歯の健康=からだの健康
歯を失うことがここまで怖いのはなぜなのか。「なんとなくイヤな予感がするから」なのだが、そういう本能的な怖さから一歩踏み込んで、科学的に知りたい。
ブルーバックス『からだの「衰え」は口から 歯と健康の科学』の読後、私の歯磨き熱はさらに上がった。歯の健康が損なわれて、歯を失ったら何が起こるのかがよくわかる。「食べづらいだろうなあ」どころの話ではなかった。そして最近よく歯科医院で見かける「オーラルフレイル」なる言葉の意味とその大切さがわかった。
歯の健康は口の中だけの問題ではないのだ。歯周病は脳や心臓の病気、そして早産との関連が指摘されている。つまり歯を健康に保てば、命に関わる病気への対策になりうる。なにより、口の中のしくみを知ると歯を大切にしたくなる。なんて繊細な仕事を毎日毎日ちゃんとやってくれているんだろう、と。

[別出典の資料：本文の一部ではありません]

(* Let $p\in\mathbb R^I$ be a probability vector with positive entries and suppose $\vartheta_p>0$. Then there exist nonnegative integers $\{\widetilde N^n_{ij}:(i,j)\in\mathcal E,\ n\in\mathbb N\}$ and a constant $C_0>0$ such that, for all sufficiently large $n$: (i) $\lambda^n_i=\sum_{j\in\mathcal J(i)}\mu^n_{ij}\widetilde N^n_{ij}-\vartheta_p\,p_i\sqrt n+\epsilon^n_i$ for all $i\in\mathcal I$, where $\epsilon^n_i/\sqrt n\to0$ as $n\to\infty$; (ii) $|N^n_{ij}-\widetilde N^n_{ij}|\le C_0\sqrt n$ for all $(i,j)\in\mathcal E$; (iii) $\sum_{i\in\mathcal I(j)}\widetilde N^n_{ij}=N^n_j$ for all $j\in\mathcal J$.
   Context: Network and parameters: $\mathcal I=\{1,\dots,I\}$, $\mathcal J=\{1,\dots,J\}$, edges $\mathcal E\subset\mathcal I\times\mathcal J$ with the bipartite graph $\mathcal G=(\mathcal I\cup\mathcal J,\mathcal E)$ a tree; $i\sim j$ iff $(i,j)\in\mathcal E$, $\mathcal J(i)=\{j:i\sim j\}$, $\mathcal I(j)=\{i:i\sim j\}$; $\mathbb R^{\mathcal G}$ denotes arrays in $\mathbb R^{I\times J}$ vanishing off $\mathcal E$, $\mathbb R^{\mathcal G}_+$ those with nonnegative entries. For each $n\in\mathbb N$: arrival rates $\lambda^n_i>0$, service rates $\mu^n_{ij}>0$, pool sizes $N^n_j\in\mathbb N$, with $\lambda^n_i/n\to\lambda_i>0$, $N^n_j/n\to\nu_j>0$, $\mu^n_{ij}\to\mu_{ij}>0$, $(\lambda^n_i-n\lambda_i)/\sqrt n\to\hat\lambda_i$, $\sqrt n(\mu^n_{ij}-\mu_{ij})\to\hat\mu_{ij}$, $\sqrt n(N^n_j/n-\nu_j)\to\hat\nu_j$ (real limits). Complete resource pooling: the LP "minimize $\max_j\sum_i\xi_{ij}$ over $\xi\in\mathbb R^{\mathcal G}_+$ subject to $\sum_j\mu_{ij}\nu_j\xi_{ij}=\lambda_i$ $\forall i$" has a unique solution $\xi^*$, with $\sum_i\xi^*_{ij}=1$ $\forall j$ and $\xi^*_{ij}>0$ for $i\sim j$; $z^*_{ij}:=\xi^*_{ij}\nu_j$; $\theta_j:=\hat\nu_j+\sum_{i\in\mathcal I(j)}(\hat\mu_{ij}/\mu_{ij})z^*_{ij}$. SWSS: for a probability vector $p$ with positive entries, $\vartheta_p$ is the (unique) optimal value of: maximize $\vartheta$ over $(\vartheta,\kappa)\in\mathbb R\times\mathbb R^{\mathcal G}$ subject to $\hat\lambda_i\le\sum_{j\in\mathcal J(i)}\mu_{ij}\kappa_{ij}-\vartheta p_i$ $\forall i$ and $\sum_{i\in\mathcal I(j)}\kappa_{ij}=\theta_j$ $\forall j$. $N^n_{ij}$ ($(i,j)\in\mathcal E$) are nonnegative integers with $\lfloor\xi^*_{ij}N^n_j\rfloor\le N^n_{ij}\le\lceil\xi^*_{ij}N^n_j\rceil$ and $\sum_{i\in\mathcal I(j)}N^n_{ij}=N^n_j$. *)

theory Defs
  imports "HOL-Analysis.Analysis"
begin

text \<open>Classes are \<open>{1..I}\<close>, pools are \<open>{1..J}\<close>; the edge set \<open>E\<close> is a set of
  pairs \<open>(i,j)\<close>. Arrays in \<open>R^G\<close> are functions \<open>nat \<Rightarrow> nat \<Rightarrow> real\<close> vanishing off \<open>E\<close>.\<close>

definition Jset :: "(nat \<times> nat) set \<Rightarrow> nat \<Rightarrow> nat set" where
  "Jset E i = {j. (i, j) \<in> E}"

definition Iset :: "(nat \<times> nat) set \<Rightarrow> nat \<Rightarrow> nat set" where
  "Iset E j = {i. (i, j) \<in> E}"

definition bip_adj :: "(nat \<times> nat) set \<Rightarrow> ((nat + nat) \<times> (nat + nat)) set" where
  "bip_adj E = {(Inl i, Inr j) | i j. (i, j) \<in> E} \<union> {(Inr j, Inl i) | i j. (i, j) \<in> E}"

text \<open>A tree: connected, and acyclic (every edge is a bridge, i.e. removing it
  disconnects its endpoints).\<close>
definition bip_tree :: "nat \<Rightarrow> nat \<Rightarrow> (nat \<times> nat) set \<Rightarrow> bool" where
  "bip_tree I J E \<longleftrightarrow>
     E \<subseteq> {1..I} \<times> {1..J} \<and>
     (\<forall>u \<in> Inl ` {1..I} \<union> Inr ` {1..J}. \<forall>v \<in> Inl ` {1..I} \<union> Inr ` {1..J}.
        (u, v) \<in> (bip_adj E)\<^sup>*) \<and>
     (\<forall>(i, j) \<in> E. (Inl i, Inr j) \<notin> (bip_adj (E - {(i, j)}))\<^sup>*)"

definition in_RG :: "(nat \<times> nat) set \<Rightarrow> (nat \<Rightarrow> nat \<Rightarrow> real) \<Rightarrow> bool" where
  "in_RG E x \<longleftrightarrow> (\<forall>i j. (i, j) \<notin> E \<longrightarrow> x i j = 0)"

definition in_RG_plus :: "(nat \<times> nat) set \<Rightarrow> (nat \<Rightarrow> nat \<Rightarrow> real) \<Rightarrow> bool" where
  "in_RG_plus E x \<longleftrightarrow> in_RG E x \<and> (\<forall>i j. 0 \<le> x i j)"

definition crp_feasible ::
  "nat \<Rightarrow> (nat \<times> nat) set \<Rightarrow> (nat \<Rightarrow> real) \<Rightarrow> (nat \<Rightarrow> nat \<Rightarrow> real) \<Rightarrow> (nat \<Rightarrow> real)
   \<Rightarrow> (nat \<Rightarrow> nat \<Rightarrow> real) \<Rightarrow> bool" where
  "crp_feasible I E lam mu nu \<xi> \<longleftrightarrow> in_RG_plus E \<xi> \<and>
     (\<forall>i \<in> {1..I}. (\<Sum>j \<in> Jset E i. mu i j * nu j * \<xi> i j) = lam i)"

definition crp_obj :: "nat \<Rightarrow> (nat \<times> nat) set \<Rightarrow> (nat \<Rightarrow> nat \<Rightarrow> real) \<Rightarrow> real" where
  "crp_obj J E \<xi> = Max ((\<lambda>j. \<Sum>i \<in> Iset E j. \<xi> i j) ` {1..J})"

definition crp_unique_solution ::
  "nat \<Rightarrow> nat \<Rightarrow> (nat \<times> nat) set \<Rightarrow> (nat \<Rightarrow> real) \<Rightarrow> (nat \<Rightarrow> nat \<Rightarrow> real) \<Rightarrow> (nat \<Rightarrow> real)
   \<Rightarrow> (nat \<Rightarrow> nat \<Rightarrow> real) \<Rightarrow> bool" where
  "crp_unique_solution I J E lam mu nu \<xi>s \<longleftrightarrow>
     crp_feasible I E lam mu nu \<xi>s \<and>
     (\<forall>\<xi>. crp_feasible I E lam mu nu \<xi> \<longrightarrow> crp_obj J E \<xi>s \<le> crp_obj J E \<xi>) \<and>
     (\<forall>\<xi>. crp_feasible I E lam mu nu \<xi> \<and> crp_obj J E \<xi> \<le> crp_obj J E \<xi>s \<longrightarrow> \<xi> = \<xi>s)"

definition swss_feasible ::
  "nat \<Rightarrow> nat \<Rightarrow> (nat \<times> nat) set \<Rightarrow> (nat \<Rightarrow> real) \<Rightarrow> (nat \<Rightarrow> nat \<Rightarrow> real) \<Rightarrow> (nat \<Rightarrow> real)
   \<Rightarrow> (nat \<Rightarrow> real) \<Rightarrow> real \<Rightarrow> (nat \<Rightarrow> nat \<Rightarrow> real) \<Rightarrow> bool" where
  "swss_feasible I J E lamhat mu theta p \<theta> \<kappa> \<longleftrightarrow> in_RG E \<kappa> \<and>
     (\<forall>i \<in> {1..I}. lamhat i \<le> (\<Sum>j \<in> Jset E i. mu i j * \<kappa> i j) - \<theta> * p i) \<and>
     (\<forall>j \<in> {1..J}. (\<Sum>i \<in> Iset E j. \<kappa> i j) = theta j)"

definition swss_value ::
  "nat \<Rightarrow> nat \<Rightarrow> (nat \<times> nat) set \<Rightarrow> (nat \<Rightarrow> real) \<Rightarrow> (nat \<Rightarrow> nat \<Rightarrow> real) \<Rightarrow> (nat \<Rightarrow> real)
   \<Rightarrow> (nat \<Rightarrow> real) \<Rightarrow> real \<Rightarrow> bool" where
  "swss_value I J E lamhat mu theta p v \<longleftrightarrow>
     (\<exists>\<kappa>. swss_feasible I J E lamhat mu theta p v \<kappa>) \<and>
     (\<forall>\<theta> \<kappa>. swss_feasible I J E lamhat mu theta p \<theta> \<kappa> \<longrightarrow> \<theta> \<le> v)"

end

theory Submission imports Defs begin

text \<open>At an optimum of the SWSS program every class constraint is tight: if one were slack,
  shifting capacity inside pools along the tree would make all of them slack, and the value
  could be raised. Writing an optimal \<open>\<kappa>\<close> as \<open>\<xi>* \<nu>hat + (\<mu>hat/\<mu>) z* + d\<close>, the
  allocation \<open>N\<^sup>n\<^sub>i\<^sub>j + \<surd>n d\<^sub>i\<^sub>j\<close>, rounded to integers without changing the pool sizes,
  serves class \<open>i\<close> at rate \<open>n \<lambda>\<^sub>i + \<surd>n \<Sum>\<^sub>j \<mu>\<^sub>i\<^sub>j \<kappa>\<^sub>i\<^sub>j + o(\<surd>n) = \<lambda>\<^sup>n\<^sub>i + \<vartheta>\<^sub>p p\<^sub>i \<surd>n + o(\<surd>n)\<close>.\<close>

lemma finite_Jset: "finite E \<Longrightarrow> finite (Jset E i)"
  unfolding Jset_def by (rule finite_subset[of _ "snd ` E"]) (auto intro: rev_image_eqI)

lemma finite_Iset: "finite E \<Longrightarrow> finite (Iset E j)"
  unfolding Iset_def by (rule finite_subset[of _ "fst ` E"]) (auto intro: rev_image_eqI)

lemma bip_tree_subset: "bip_tree I J E \<Longrightarrow> E \<subseteq> {1..I} \<times> {1..J}"
  unfolding bip_tree_def by (elim conjE)

lemma bip_tree_finite: "bip_tree I J E \<Longrightarrow> finite E"
  by (rule finite_subset[OF bip_tree_subset]) auto

lemma bip_tree_classes_connected:
  assumes "bip_tree I J E" "a \<in> {1..I}" "b \<in> {1..I}"
  shows "(Inl a, Inl b) \<in> (bip_adj E)\<^sup>*"
proof -
  have "\<forall>u \<in> Inl ` {1..I} \<union> Inr ` {1..J}. \<forall>v \<in> Inl ` {1..I} \<union> Inr ` {1..J}. (u, v) \<in> (bip_adj E)\<^sup>*"
    using assms(1) unfolding bip_tree_def by (elim conjE)
  then show ?thesis using assms(2,3) by blast
qed

lemma rtrancl_boundary_edge:
  assumes "(u, v) \<in> r\<^sup>*" "Q u" "\<not> Q v"
  obtains x y where "(x, y) \<in> r" "Q x" "\<not> Q y"
  using assms by (induction rule: rtrancl_induct) blast+

section \<open>Tightness of the SWSS optimum\<close>

definition swss_slack ::
  "(nat \<times> nat) set \<Rightarrow> (nat \<Rightarrow> real) \<Rightarrow> (nat \<Rightarrow> nat \<Rightarrow> real) \<Rightarrow> (nat \<Rightarrow> real) \<Rightarrow> real
   \<Rightarrow> (nat \<Rightarrow> nat \<Rightarrow> real) \<Rightarrow> nat \<Rightarrow> real" where
  "swss_slack E lamhat mu p v \<kappa> i = (\<Sum>j \<in> Jset E i. mu i j * \<kappa> i j) - v * p i - lamhat i"

lemma swss_feasible_slack:
  "swss_feasible I J E lamhat mu theta p v \<kappa> \<longleftrightarrow> in_RG E \<kappa> \<and>
     (\<forall>i \<in> {1..I}. 0 \<le> swss_slack E lamhat mu p v \<kappa> i) \<and>
     (\<forall>j \<in> {1..J}. (\<Sum>i \<in> Iset E j. \<kappa> i j) = theta j)"
  unfolding swss_feasible_def swss_slack_def by auto

definition pool_transfer ::
  "(nat \<Rightarrow> nat \<Rightarrow> real) \<Rightarrow> nat \<Rightarrow> nat \<Rightarrow> nat \<Rightarrow> real \<Rightarrow> nat \<Rightarrow> nat \<Rightarrow> real" where
  "pool_transfer \<kappa> j i0 i1 \<delta> = (\<lambda>i j'. \<kappa> i j'
     + (if i = i1 \<and> j' = j then \<delta> else 0) - (if i = i0 \<and> j' = j then \<delta> else 0))"

lemma in_RG_pool_transfer:
  "in_RG E \<kappa> \<Longrightarrow> (i0, j) \<in> E \<Longrightarrow> (i1, j) \<in> E \<Longrightarrow> in_RG E (pool_transfer \<kappa> j i0 i1 \<delta>)"
  unfolding in_RG_def pool_transfer_def by auto

lemma pool_sum_pool_transfer:
  assumes "finite E" "(i0, j) \<in> E" "(i1, j) \<in> E"
  shows "(\<Sum>i \<in> Iset E j'. pool_transfer \<kappa> j i0 i1 \<delta> i j') = (\<Sum>i \<in> Iset E j'. \<kappa> i j')"
proof (cases "j' = j")
  case True
  have "i0 \<in> Iset E j" "i1 \<in> Iset E j" using assms(2,3) unfolding Iset_def by auto
  with True show ?thesis
    using finite_Iset[OF assms(1)] unfolding pool_transfer_def by (simp add: sum.distrib sum_subtractf)
qed (simp add: pool_transfer_def)

lemma swss_slack_pool_transfer:
  assumes "finite E" "(i0, j) \<in> E" "(i1, j) \<in> E"
  shows "swss_slack E lamhat mu p v (pool_transfer \<kappa> j i0 i1 \<delta>) i = swss_slack E lamhat mu p v \<kappa> i
    + (if i = i1 then mu i1 j * \<delta> else 0) - (if i = i0 then mu i0 j * \<delta> else 0)"
proof -
  have delta: "(\<Sum>j' \<in> Jset E i. if j' = j then mu i j' * (if i = k then \<delta> else 0) else 0)
      = (if i = k then mu k j * \<delta> else 0)" if "(k, j) \<in> E" for k
    using that finite_Jset[OF assms(1), of i] by (simp add: Jset_def)
  have "(\<Sum>j' \<in> Jset E i. mu i j' * pool_transfer \<kappa> j i0 i1 \<delta> i j')
      = (\<Sum>j' \<in> Jset E i. mu i j' * \<kappa> i j')
        + (\<Sum>j' \<in> Jset E i. if j' = j then mu i j' * (if i = i1 then \<delta> else 0) else 0)
        - (\<Sum>j' \<in> Jset E i. if j' = j then mu i j' * (if i = i0 then \<delta> else 0) else 0)"
    unfolding pool_transfer_def sum.distrib[symmetric] sum_subtractf[symmetric]
    by (intro sum.cong) (auto simp: algebra_simps)
  then show ?thesis unfolding swss_slack_def delta[OF assms(2)] delta[OF assms(3)] by simp
qed

lemma swss_slack_spread:
  assumes tree: "bip_tree I J E" and mu_pos: "\<And>i j. (i, j) \<in> E \<Longrightarrow> mu i j > 0"
    and feas: "swss_feasible I J E lamhat mu theta p v \<kappa>"
    and a: "a \<in> {1..I}" "0 < swss_slack E lamhat mu p v \<kappa> a"
    and b: "b \<in> {1..I}" "swss_slack E lamhat mu p v \<kappa> b = 0"
  obtains \<kappa>' i1 where "swss_feasible I J E lamhat mu theta p v \<kappa>'"
    and "\<forall>i \<in> {1..I}. 0 < swss_slack E lamhat mu p v \<kappa> i \<longrightarrow> 0 < swss_slack E lamhat mu p v \<kappa>' i"
    and "i1 \<in> {1..I}" "swss_slack E lamhat mu p v \<kappa> i1 = 0" "0 < swss_slack E lamhat mu p v \<kappa>' i1"
proof -
  let ?s = "swss_slack E lamhat mu p v"
  have finE: "finite E" by (rule bip_tree_finite[OF tree])
  have E_sub: "E \<subseteq> {1..I} \<times> {1..J}" by (rule bip_tree_subset[OF tree])
  define S where "S = {i \<in> {1..I}. 0 < ?s \<kappa> i}"
  define Q where "Q = (\<lambda>x. case x of Inl i \<Rightarrow> i \<in> S | Inr j \<Rightarrow> (\<exists>i \<in> S. (i, j) \<in> E))"
  \<comment> \<open>The path from \<open>a\<close> to \<open>b\<close> leaves \<open>S\<close> through a pool \<open>j\<close> shared by \<open>i0 \<in> S\<close> and \<open>i1 \<notin> S\<close>;
    moving half of \<open>i0\<close>'s slack worth of \<open>\<kappa> i0 j\<close> to \<open>i1\<close> makes \<open>i1\<close> slack too.\<close>
  have "Q (Inl a)" "\<not> Q (Inl b)" using a b by (auto simp: Q_def S_def)
  then obtain x y where "(x, y) \<in> bip_adj E" "Q x" "\<not> Q y"
    by (rule rtrancl_boundary_edge[OF bip_tree_classes_connected[OF tree a(1) b(1)]])
  then obtain i0 i1 j where e0: "(i0, j) \<in> E" and e1: "(i1, j) \<in> E" and i0S: "i0 \<in> S" and i1S: "i1 \<notin> S"
    unfolding bip_adj_def Q_def by auto
  have i1I: "i1 \<in> {1..I}" using e1 E_sub by auto
  have ne: "i0 \<noteq> i1" using i0S i1S by auto
  have tight1: "?s \<kappa> i1 = 0"
    using feas i1I i1S unfolding swss_feasible_slack S_def by force
  define \<delta> where "\<delta> = ?s \<kappa> i0 / (2 * mu i0 j)"
  define \<kappa>' where "\<kappa>' = pool_transfer \<kappa> j i0 i1 \<delta>"
  have mu0: "mu i0 j > 0" and mu1: "mu i1 j > 0" using mu_pos e0 e1 by auto
  have slack0: "0 < ?s \<kappa> i0" using i0S unfolding S_def by simp
  have half: "mu i0 j * \<delta> = ?s \<kappa> i0 / 2" unfolding \<delta>_def using mu0 by simp
  have gain: "0 < mu i1 j * \<delta>" unfolding \<delta>_def using mu0 mu1 slack0 by simp
  have s': "?s \<kappa>' i = ?s \<kappa> i + (if i = i1 then mu i1 j * \<delta> else 0) - (if i = i0 then mu i0 j * \<delta> else 0)" for i
    unfolding \<kappa>'_def by (rule swss_slack_pool_transfer[OF finE e0 e1])
  have pos: "0 < ?s \<kappa>' i" if "0 < ?s \<kappa> i" for i
    using s'[of i] ne half gain that by (cases "i = i0") auto
  have nonneg: "0 \<le> ?s \<kappa>' i" if "0 \<le> ?s \<kappa> i" for i
    using s'[of i] half slack0 gain that by (cases "i = i0") auto
  have "swss_feasible I J E lamhat mu theta p v \<kappa>'"
    using feas nonneg in_RG_pool_transfer[OF _ e0 e1]
    unfolding swss_feasible_slack \<kappa>'_def pool_sum_pool_transfer[OF finE e0 e1] by blast
  then show thesis
    by (rule that) (use pos i1I tight1 s'[of i1] ne gain in auto)
qed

さらに現代日本の歯の課題も本書は教えてくれる。「80歳になっても20本以上自分の歯を保とう」という「8020運動」が実を結んで、日本では高齢になっても自分の歯で食べられる人が増えている。著者の水口俊介先生は「まさに日本の歯科保険、歯科医療の勝利といってもよく、大変誇らしいことです」と語る一方で「65歳以上の高齢世代では、う蝕(=むし歯)を患っている人の数が右肩上がりになっている」とも指摘する。むし歯=子どもの問題というイメージはもう過去のもので、歯のケアは一生続く。
そんな読者の気持ちを見越してか、巻末で「正しい歯磨き」の実践テクニックも紹介されている。これがとってもありがたい! 私はこの本がきっかけでタフトブラシも使い始めた。
センサー総動員の咀嚼
私たちが食べ物を口に入れてモグモグと噛んでいるとき、何が起こっているか
口腔内にピーナッツの粒などがあると、歯根膜や舌、それに頬や唇の内側などの口腔内部の表層の部分(=口腔粘膜)にある機械受容器(圧力やゆがみなどの力に反応する体の感覚センサー)が感知し、その感覚が信号によって中枢神経系に伝わります。そして、中枢神経系(脳)が咀嚼筋(閉口筋)、舌、頬といった末梢器官系に信号を送り、適切な力で粒を噛みつぶすのです。もし、やわらかい中にかたいものが含まれている食べ物や、口に入れた経験のない食べ物を咀嚼するときは、まず弱い力で探るように咀嚼します。つまり、噛む力と噛むスピードを制御しているのです。
オーラルフレイルと口腔機能低下症
歯がなくなると良好な義歯を入れない限りかめない食品が増加します。また、社会性の低下によって人と会話をしなくなると、唇や舌の活性の低下や食べこぼし、わずかなむせが多くなってきます。この状態がオーラルフレイルと呼ばれるものです。(中略)オーラルフレイルが進行すると、噛む力の低下や舌の筋力の低下、さらには食べる量が減少し、それに伴って低栄養や運動量の低下、代謝の低下、サルコペニア(主に加齢により、筋肉量の減少や筋力の低下が起きること)やロコモティブシンドローム(足腰が衰えて、立つ・歩くといった移動機能が低下した状態)になってしまいます。
自ら改善できるオーラルフレイルとともに、医療の力を借りて歯から要介護状態を防ぐ鍵となるのが「口腔機能低下症」だ。2018年から保険収載、つまり口腔機能低下症と診断されると、保険適用の治療を歯医者さんで受けることができる。
オーラルフレイルなどと口腔機能低下症のちがいは次のよう。

歯を失うと生活の質が大きく変わってしまうことは、誰でもなんとなく想像はつくはずだ。でも「歯があれば、それでオッケー」ではないことが本書を読むとよくわかる。80歳になっても歯が20本以上残っている人が多い時代になり、私たちの口の中は、昔とはまったく違う。私が本書を読んで一番衝撃だったのはそのことだった。
さらにいうと健康な歯だけがあれば健康寿命を延ばせるようなシンプルな話でもなく、実は栄養指導が重要なことや、高齢者歯科治療のむずかしさ、そして義歯の大切な役割についても最新の歯科技術とともに紹介される。歯を健康に保つためのケアは子どものころから死ぬまで一生つづくことを教えてくれる、いろんな人の命と健康を守るための本だ。